* _ABOUT THIS EXERCISE_
Would you copy out each line of the records below that includes the word "where"?

Stored data entries
___
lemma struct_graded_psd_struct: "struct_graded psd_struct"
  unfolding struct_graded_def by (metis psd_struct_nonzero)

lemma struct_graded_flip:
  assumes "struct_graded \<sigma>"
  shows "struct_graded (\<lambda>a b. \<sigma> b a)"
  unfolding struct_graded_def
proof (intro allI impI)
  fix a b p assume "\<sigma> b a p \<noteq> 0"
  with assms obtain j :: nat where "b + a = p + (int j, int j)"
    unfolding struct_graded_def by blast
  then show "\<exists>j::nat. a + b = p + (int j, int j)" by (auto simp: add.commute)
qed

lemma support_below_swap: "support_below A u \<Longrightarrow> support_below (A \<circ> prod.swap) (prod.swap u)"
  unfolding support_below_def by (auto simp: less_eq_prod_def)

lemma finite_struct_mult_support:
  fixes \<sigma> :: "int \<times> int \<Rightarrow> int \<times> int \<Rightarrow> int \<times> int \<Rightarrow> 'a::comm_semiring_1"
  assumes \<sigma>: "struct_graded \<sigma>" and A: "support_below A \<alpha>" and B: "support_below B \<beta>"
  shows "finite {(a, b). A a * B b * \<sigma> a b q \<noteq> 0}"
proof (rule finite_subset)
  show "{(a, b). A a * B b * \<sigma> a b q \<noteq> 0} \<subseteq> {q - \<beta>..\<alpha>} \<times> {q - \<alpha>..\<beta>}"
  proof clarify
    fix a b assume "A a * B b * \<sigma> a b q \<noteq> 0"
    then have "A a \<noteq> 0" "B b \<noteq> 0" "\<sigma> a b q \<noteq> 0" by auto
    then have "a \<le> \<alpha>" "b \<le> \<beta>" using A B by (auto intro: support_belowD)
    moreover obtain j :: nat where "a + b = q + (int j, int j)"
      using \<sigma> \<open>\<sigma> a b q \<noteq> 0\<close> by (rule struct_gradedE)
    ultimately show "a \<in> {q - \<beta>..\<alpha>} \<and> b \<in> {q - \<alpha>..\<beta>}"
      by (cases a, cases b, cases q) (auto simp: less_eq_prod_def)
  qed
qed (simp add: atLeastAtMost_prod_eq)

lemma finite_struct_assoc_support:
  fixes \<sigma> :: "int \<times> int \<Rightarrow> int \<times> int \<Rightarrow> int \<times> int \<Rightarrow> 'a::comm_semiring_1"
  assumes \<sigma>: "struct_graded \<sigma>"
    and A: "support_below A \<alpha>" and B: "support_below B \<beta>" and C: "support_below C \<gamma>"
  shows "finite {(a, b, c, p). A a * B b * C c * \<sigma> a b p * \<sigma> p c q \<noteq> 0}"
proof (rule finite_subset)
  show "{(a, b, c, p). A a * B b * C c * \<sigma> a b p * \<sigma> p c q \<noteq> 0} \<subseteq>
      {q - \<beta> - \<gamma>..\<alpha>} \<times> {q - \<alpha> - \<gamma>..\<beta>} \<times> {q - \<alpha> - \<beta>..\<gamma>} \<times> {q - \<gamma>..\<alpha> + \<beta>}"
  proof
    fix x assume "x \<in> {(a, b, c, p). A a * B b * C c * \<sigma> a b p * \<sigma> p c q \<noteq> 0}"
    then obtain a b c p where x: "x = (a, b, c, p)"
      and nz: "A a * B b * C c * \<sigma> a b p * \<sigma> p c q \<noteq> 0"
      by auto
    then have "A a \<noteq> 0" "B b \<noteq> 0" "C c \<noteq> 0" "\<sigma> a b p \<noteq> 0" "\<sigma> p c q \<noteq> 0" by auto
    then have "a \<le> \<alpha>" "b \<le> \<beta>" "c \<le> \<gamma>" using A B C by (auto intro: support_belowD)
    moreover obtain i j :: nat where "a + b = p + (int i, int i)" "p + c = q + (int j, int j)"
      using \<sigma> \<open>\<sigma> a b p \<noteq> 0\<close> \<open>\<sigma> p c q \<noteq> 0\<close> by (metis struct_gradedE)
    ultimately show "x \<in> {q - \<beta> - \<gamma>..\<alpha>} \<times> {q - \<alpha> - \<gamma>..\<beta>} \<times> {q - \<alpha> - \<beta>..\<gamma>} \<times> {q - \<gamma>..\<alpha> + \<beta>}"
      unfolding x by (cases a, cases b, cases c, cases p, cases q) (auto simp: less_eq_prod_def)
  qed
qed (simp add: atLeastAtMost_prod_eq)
___
* _EXERCISE RESULT_
  with assms obtain j :: nat where "b + a = p + (int j, int j)"
    moreover obtain j :: nat where "a + b = q + (int j, int j)"
    then obtain a b c p where x: "x = (a, b, c, p)"
    moreover obtain i j :: nat where "a + b = p + (int i, int i)" "p + c = q + (int j, int j)"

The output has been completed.